*WORK TO BE COMPLETED*
Lines that contain the string "definition" are the ones to list; copy all of them from the records.

Records contained in a dataset:
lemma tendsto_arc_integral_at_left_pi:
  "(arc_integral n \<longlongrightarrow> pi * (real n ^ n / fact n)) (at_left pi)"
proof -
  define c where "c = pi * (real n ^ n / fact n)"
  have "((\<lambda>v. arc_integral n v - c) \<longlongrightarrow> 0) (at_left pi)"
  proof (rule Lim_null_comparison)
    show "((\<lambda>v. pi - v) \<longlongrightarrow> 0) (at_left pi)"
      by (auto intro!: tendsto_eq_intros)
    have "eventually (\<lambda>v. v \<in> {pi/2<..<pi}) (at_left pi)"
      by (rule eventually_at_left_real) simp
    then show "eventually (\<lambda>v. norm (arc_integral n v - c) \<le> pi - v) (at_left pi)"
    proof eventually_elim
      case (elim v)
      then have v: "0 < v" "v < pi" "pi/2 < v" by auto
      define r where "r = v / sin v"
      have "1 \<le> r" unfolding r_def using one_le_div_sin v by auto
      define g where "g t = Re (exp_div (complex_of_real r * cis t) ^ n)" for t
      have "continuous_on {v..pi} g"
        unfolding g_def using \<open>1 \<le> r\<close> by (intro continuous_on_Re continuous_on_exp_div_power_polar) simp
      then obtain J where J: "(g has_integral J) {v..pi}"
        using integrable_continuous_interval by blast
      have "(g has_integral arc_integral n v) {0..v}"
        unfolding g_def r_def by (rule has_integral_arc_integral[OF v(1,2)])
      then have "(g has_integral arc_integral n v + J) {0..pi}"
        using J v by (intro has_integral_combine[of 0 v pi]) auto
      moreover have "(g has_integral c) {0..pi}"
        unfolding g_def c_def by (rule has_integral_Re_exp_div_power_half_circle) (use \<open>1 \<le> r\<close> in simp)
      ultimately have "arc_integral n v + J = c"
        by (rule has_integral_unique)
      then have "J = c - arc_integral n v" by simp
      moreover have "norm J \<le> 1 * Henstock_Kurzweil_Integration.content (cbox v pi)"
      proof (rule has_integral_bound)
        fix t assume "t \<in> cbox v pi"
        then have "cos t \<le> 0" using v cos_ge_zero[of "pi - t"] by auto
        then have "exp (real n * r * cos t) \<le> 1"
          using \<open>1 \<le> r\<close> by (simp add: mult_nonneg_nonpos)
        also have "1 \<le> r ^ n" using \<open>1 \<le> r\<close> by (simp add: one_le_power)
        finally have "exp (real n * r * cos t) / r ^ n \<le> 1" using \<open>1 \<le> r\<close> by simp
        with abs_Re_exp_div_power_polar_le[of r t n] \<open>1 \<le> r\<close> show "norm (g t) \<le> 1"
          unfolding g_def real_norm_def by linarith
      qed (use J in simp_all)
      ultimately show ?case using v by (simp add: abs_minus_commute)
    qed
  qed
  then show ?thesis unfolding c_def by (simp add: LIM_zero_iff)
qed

* * *

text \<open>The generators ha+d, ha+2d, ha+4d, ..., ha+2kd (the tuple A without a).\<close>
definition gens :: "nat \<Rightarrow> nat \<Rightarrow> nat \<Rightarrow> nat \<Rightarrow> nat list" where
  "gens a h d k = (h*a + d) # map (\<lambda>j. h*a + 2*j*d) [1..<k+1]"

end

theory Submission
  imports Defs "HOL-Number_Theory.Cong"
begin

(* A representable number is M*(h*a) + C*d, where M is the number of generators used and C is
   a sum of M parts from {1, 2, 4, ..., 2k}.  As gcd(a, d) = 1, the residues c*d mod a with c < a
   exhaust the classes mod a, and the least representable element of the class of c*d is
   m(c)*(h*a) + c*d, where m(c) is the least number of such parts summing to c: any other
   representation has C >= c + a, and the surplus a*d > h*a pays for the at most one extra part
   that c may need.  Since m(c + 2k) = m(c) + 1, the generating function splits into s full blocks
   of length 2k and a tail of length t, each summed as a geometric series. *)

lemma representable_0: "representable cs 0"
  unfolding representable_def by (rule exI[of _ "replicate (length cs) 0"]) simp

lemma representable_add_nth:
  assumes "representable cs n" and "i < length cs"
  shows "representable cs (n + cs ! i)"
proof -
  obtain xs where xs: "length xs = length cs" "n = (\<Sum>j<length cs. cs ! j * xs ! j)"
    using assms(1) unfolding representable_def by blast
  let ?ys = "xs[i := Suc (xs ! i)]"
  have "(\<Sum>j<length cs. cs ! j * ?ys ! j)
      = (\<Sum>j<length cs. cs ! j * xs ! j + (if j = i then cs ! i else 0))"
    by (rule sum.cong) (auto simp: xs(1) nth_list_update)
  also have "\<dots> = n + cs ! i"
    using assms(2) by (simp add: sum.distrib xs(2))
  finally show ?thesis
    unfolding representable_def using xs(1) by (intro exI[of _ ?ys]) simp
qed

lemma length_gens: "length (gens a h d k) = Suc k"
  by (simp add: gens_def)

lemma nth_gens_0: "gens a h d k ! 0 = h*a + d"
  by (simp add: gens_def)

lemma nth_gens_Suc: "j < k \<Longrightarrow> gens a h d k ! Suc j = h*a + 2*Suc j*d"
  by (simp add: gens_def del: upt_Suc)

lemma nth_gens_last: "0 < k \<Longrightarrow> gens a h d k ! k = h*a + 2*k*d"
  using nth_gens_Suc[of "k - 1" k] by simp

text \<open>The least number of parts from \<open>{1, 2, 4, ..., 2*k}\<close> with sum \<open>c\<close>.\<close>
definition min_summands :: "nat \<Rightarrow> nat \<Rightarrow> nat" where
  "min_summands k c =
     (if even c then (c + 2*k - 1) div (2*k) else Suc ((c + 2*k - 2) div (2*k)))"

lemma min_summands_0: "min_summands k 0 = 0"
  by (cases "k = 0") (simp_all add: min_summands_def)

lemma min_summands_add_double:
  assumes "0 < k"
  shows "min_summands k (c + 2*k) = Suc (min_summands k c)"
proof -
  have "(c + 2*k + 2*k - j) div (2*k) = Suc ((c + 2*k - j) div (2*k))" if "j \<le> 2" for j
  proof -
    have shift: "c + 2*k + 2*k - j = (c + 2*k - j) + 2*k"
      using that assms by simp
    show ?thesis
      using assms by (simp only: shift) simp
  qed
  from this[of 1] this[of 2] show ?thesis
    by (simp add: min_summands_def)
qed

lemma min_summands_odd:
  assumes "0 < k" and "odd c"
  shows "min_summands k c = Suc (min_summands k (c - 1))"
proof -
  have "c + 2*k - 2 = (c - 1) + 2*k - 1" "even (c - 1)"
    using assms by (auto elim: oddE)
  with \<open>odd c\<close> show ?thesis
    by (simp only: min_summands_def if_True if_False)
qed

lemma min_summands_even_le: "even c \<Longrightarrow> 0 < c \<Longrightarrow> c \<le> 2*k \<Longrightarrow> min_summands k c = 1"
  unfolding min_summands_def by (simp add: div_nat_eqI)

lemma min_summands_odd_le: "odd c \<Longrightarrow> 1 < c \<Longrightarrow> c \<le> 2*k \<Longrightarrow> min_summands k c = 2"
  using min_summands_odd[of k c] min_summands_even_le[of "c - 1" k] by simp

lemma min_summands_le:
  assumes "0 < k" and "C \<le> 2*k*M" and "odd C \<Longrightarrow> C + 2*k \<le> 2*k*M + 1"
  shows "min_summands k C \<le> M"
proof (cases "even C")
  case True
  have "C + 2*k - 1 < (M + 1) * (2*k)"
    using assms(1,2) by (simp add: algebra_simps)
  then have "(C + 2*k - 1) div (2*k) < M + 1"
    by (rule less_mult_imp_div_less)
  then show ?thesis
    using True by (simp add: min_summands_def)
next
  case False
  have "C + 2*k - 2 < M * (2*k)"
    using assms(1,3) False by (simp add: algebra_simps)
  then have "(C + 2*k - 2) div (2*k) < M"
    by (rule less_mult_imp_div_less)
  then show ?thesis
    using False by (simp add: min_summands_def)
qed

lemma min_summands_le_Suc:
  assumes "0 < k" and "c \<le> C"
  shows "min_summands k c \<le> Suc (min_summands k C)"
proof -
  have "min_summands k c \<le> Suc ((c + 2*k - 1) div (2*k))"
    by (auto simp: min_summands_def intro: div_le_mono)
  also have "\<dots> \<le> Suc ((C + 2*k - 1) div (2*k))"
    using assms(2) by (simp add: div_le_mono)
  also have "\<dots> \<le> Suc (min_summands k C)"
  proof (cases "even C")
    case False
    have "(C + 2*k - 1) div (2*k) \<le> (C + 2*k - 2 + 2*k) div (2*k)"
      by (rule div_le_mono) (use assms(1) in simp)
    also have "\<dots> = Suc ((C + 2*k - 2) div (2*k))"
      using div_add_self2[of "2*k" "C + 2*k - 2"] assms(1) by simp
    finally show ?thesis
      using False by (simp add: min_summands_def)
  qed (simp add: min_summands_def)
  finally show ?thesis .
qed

* * *

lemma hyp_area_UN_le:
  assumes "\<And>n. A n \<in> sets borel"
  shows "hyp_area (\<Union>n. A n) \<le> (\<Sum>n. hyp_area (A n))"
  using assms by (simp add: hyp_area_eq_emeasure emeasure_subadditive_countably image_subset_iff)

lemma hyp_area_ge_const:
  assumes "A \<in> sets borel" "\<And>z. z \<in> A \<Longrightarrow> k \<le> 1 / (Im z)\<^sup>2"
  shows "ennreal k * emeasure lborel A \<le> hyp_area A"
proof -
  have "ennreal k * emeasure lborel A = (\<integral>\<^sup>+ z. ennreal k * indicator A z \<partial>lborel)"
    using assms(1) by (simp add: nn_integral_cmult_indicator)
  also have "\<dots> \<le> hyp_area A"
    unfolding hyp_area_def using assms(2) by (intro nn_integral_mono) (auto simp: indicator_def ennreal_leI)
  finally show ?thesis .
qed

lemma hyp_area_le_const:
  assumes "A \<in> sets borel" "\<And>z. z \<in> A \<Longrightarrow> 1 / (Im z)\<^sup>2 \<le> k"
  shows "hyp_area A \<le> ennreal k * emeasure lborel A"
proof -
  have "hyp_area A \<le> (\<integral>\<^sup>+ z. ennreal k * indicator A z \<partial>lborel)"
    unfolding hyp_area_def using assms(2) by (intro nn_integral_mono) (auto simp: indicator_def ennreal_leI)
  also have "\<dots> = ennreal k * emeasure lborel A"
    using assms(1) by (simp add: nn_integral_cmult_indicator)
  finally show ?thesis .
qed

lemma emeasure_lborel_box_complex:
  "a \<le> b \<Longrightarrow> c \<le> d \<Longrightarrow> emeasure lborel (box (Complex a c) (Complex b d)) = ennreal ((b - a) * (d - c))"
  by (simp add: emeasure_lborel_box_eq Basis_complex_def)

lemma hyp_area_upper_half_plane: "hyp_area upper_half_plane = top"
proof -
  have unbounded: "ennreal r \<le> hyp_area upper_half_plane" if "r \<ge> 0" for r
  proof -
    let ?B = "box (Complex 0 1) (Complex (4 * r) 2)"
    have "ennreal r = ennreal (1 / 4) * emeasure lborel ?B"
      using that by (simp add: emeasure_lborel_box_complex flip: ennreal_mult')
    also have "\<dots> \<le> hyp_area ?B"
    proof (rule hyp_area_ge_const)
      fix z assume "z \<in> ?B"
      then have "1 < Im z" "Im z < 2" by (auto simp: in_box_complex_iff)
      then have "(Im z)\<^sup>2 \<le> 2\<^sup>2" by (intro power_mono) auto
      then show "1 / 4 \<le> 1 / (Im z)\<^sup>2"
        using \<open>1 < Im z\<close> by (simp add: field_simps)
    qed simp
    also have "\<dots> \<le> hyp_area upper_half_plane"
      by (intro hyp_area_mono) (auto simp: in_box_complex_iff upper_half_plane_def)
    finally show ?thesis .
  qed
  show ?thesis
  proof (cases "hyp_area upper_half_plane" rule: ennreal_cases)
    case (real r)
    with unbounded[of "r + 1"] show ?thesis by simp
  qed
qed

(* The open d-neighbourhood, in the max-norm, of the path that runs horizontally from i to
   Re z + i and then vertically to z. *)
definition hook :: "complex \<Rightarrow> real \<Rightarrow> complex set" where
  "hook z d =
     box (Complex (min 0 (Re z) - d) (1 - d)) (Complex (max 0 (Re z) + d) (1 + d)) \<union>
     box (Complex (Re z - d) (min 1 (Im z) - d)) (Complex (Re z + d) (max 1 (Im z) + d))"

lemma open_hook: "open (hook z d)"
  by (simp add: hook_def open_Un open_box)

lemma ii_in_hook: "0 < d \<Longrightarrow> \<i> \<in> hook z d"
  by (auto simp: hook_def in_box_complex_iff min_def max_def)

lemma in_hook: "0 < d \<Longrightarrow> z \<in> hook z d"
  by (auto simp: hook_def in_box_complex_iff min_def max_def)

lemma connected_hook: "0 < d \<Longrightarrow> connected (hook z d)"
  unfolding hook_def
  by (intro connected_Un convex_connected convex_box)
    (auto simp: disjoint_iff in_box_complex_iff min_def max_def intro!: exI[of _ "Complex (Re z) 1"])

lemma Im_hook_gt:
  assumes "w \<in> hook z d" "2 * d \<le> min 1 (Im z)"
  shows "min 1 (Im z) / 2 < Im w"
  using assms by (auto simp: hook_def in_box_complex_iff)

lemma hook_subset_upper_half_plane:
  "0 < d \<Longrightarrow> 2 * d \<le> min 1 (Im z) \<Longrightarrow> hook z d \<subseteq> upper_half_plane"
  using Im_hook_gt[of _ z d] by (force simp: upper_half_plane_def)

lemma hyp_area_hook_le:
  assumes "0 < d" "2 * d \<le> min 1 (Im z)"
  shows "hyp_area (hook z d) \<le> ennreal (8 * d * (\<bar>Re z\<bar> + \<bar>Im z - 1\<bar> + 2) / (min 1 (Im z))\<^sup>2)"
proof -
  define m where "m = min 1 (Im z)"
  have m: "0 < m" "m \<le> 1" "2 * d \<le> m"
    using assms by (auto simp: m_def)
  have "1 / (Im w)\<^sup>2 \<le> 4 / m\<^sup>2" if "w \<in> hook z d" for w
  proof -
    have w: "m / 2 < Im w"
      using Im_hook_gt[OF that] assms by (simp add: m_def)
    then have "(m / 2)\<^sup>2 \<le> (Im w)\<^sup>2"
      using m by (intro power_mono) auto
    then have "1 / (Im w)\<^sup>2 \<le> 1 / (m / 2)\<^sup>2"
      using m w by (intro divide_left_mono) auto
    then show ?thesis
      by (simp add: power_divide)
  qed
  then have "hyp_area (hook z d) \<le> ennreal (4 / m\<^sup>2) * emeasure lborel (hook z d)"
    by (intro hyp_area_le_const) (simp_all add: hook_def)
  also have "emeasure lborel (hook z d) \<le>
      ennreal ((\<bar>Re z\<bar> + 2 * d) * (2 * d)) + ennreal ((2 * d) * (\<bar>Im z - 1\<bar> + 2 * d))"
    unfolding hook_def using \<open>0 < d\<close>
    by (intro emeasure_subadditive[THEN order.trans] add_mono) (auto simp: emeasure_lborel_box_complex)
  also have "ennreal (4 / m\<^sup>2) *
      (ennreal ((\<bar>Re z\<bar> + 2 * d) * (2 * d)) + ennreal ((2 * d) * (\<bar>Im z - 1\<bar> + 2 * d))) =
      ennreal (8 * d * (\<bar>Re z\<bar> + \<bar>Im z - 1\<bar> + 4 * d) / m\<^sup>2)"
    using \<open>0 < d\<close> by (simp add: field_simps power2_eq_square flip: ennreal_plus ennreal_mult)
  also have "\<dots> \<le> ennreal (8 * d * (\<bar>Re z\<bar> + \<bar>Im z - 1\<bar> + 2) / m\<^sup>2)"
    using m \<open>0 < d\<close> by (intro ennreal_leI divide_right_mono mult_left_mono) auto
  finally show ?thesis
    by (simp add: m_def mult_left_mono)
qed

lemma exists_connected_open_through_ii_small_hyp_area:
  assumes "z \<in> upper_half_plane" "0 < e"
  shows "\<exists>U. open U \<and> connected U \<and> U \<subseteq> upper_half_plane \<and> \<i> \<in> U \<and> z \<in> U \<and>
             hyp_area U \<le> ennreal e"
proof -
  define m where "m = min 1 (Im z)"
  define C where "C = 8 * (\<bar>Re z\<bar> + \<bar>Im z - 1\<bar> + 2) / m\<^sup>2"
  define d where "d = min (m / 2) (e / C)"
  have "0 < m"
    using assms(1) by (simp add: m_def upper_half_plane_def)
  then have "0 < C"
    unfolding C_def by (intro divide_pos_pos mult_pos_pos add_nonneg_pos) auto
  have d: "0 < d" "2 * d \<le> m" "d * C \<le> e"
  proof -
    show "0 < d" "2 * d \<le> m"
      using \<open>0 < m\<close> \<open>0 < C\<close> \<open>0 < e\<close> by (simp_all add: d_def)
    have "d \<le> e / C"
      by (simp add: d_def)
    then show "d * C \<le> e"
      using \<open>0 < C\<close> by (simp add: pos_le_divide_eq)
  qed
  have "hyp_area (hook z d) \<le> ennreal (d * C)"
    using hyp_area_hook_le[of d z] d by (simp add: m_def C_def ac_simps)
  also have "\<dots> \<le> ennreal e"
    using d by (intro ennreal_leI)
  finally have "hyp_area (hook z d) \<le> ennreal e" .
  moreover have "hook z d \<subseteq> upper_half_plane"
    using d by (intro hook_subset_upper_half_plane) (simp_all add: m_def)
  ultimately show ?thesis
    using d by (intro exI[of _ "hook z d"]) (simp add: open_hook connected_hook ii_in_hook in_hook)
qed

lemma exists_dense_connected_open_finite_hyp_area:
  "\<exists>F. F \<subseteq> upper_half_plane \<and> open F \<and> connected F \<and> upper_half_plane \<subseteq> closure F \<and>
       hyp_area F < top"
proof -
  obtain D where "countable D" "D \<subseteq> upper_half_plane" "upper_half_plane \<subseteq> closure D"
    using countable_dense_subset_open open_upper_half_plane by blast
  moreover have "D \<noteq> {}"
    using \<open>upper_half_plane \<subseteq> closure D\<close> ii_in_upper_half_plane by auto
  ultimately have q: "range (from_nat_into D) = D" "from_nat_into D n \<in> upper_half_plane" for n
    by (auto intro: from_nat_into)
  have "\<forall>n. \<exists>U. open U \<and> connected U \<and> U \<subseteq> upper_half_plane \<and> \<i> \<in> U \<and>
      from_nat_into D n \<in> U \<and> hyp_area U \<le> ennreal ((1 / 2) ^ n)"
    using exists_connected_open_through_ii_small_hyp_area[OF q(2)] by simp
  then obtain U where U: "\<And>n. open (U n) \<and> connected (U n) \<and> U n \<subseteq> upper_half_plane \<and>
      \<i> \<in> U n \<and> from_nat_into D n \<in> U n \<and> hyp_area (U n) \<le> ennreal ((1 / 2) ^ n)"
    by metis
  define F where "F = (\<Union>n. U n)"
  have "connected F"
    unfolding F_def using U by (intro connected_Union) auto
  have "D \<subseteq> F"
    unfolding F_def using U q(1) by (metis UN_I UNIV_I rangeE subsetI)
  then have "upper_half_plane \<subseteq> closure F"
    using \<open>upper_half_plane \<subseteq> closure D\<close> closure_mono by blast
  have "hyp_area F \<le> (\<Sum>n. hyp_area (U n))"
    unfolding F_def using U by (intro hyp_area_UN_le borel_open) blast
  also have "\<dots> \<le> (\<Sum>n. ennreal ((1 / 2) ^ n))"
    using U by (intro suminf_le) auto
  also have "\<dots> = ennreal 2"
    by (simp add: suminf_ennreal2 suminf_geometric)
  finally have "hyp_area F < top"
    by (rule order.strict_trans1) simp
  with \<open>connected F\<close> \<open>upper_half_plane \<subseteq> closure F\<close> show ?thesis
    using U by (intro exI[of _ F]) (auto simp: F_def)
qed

*OUTPUT BELOW*
definition gens :: "nat \<Rightarrow> nat \<Rightarrow> nat \<Rightarrow> nat \<Rightarrow> nat list" where
definition min_summands :: "nat \<Rightarrow> nat \<Rightarrow> nat" where
definition hook :: "complex \<Rightarrow> real \<Rightarrow> complex set" where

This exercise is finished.